Mary turned from journalism to fiction writing in her thirties. Her first collection of short stories, Suburbs of the Arctic Circle, was awarded the Canadian Literary Press Group’s Writer’s Choice honour. Since then, she has published another collection of short stories, four novels and a non-fiction book about snow geese and perception. Her most recent novel, The Reason for Time, was selected as a ‘Must Read’ Chicago book, named as an Editor’s Choice in the Historical Novels Review, and was a finalist for the Foreword Reviews Indie award.

‘Dérangement’ follows a mother trying to protect her children from the dangerous world around them.

Enjoy!

 

Îles de la Madeleine (Magdalen Islands) Canada, 1771

The sea itself feared to swallow a race bold enough to unknot her watery roots… where the giant seaweed moors the horizon to the setting sun.

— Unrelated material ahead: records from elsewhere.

lemma joint_expect_ymarg_chan_sum:
  fixes W :: "'y::finite \<Rightarrow> 'x::finite \<Rightarrow> real"
  assumes "is_channel W"
  shows "joint_expect n (ymarg_chan n J W) (\<lambda>xs ys. \<Sum>i<n. \<psi> (ys ! i) (xs ! i))
       = real n * (\<Sum>y\<in>UNIV. avg_marginal n (ymarg n J) y * (\<Sum>x\<in>UNIV. W y x * \<psi> y x))"
proof -
  have "joint_expect n (ymarg_chan n J W) (\<lambda>xs ys. \<Sum>i<n. \<psi> (ys ! i) (xs ! i))
      = (\<Sum>ys\<in>seqs n. \<Sum>xs\<in>seqs n. ymarg n J ys * (prod_chan W ys xs * (\<Sum>i<n. \<psi> (ys ! i) (xs ! i))))"
    unfolding joint_expect_def ymarg_chan_def by (subst sum.swap) (simp add: mult.assoc)
  also have "\<dots> = (\<Sum>ys\<in>seqs n. ymarg n J ys * (\<Sum>i<n. \<Sum>x\<in>UNIV. W (ys ! i) x * \<psi> (ys ! i) x))"
    by (simp only: sum_distrib_left[symmetric] sum_prod_chan_mult_sum[OF assms])
  finally show ?thesis
    by (cases "n = 0") (simp_all add: sum_avg_marginal_mult)
qed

Antonine Maillet, Pélagie la Charette

 

Marie-Andrée Le Blanc has never heard of the god Aeolus, nor the Aeolian harp whose name he inspired, but oh does she know the repertoire of the wind. Every lament, every chorus the needles of the spruce sing. The faint whistles of the blackpoll warbler enter like breath wakening a flute, the owl hoots in a different register and louder. The pluck, pluck, plucking of a single string when a loose wire slaps against tin. Often these night sounds anoint her sleep. Tonight, they compete with a howling from inside her that overwhelms the respiration of the four children spread out on the same bed and the sighs of the infant huddled against her. Does it mean the presence of the Holy Spirit is strong? She tries to make herself believe it, but her faith has suffered. Though she does not know there is a God of the wind, only the wind might respond to her prayers.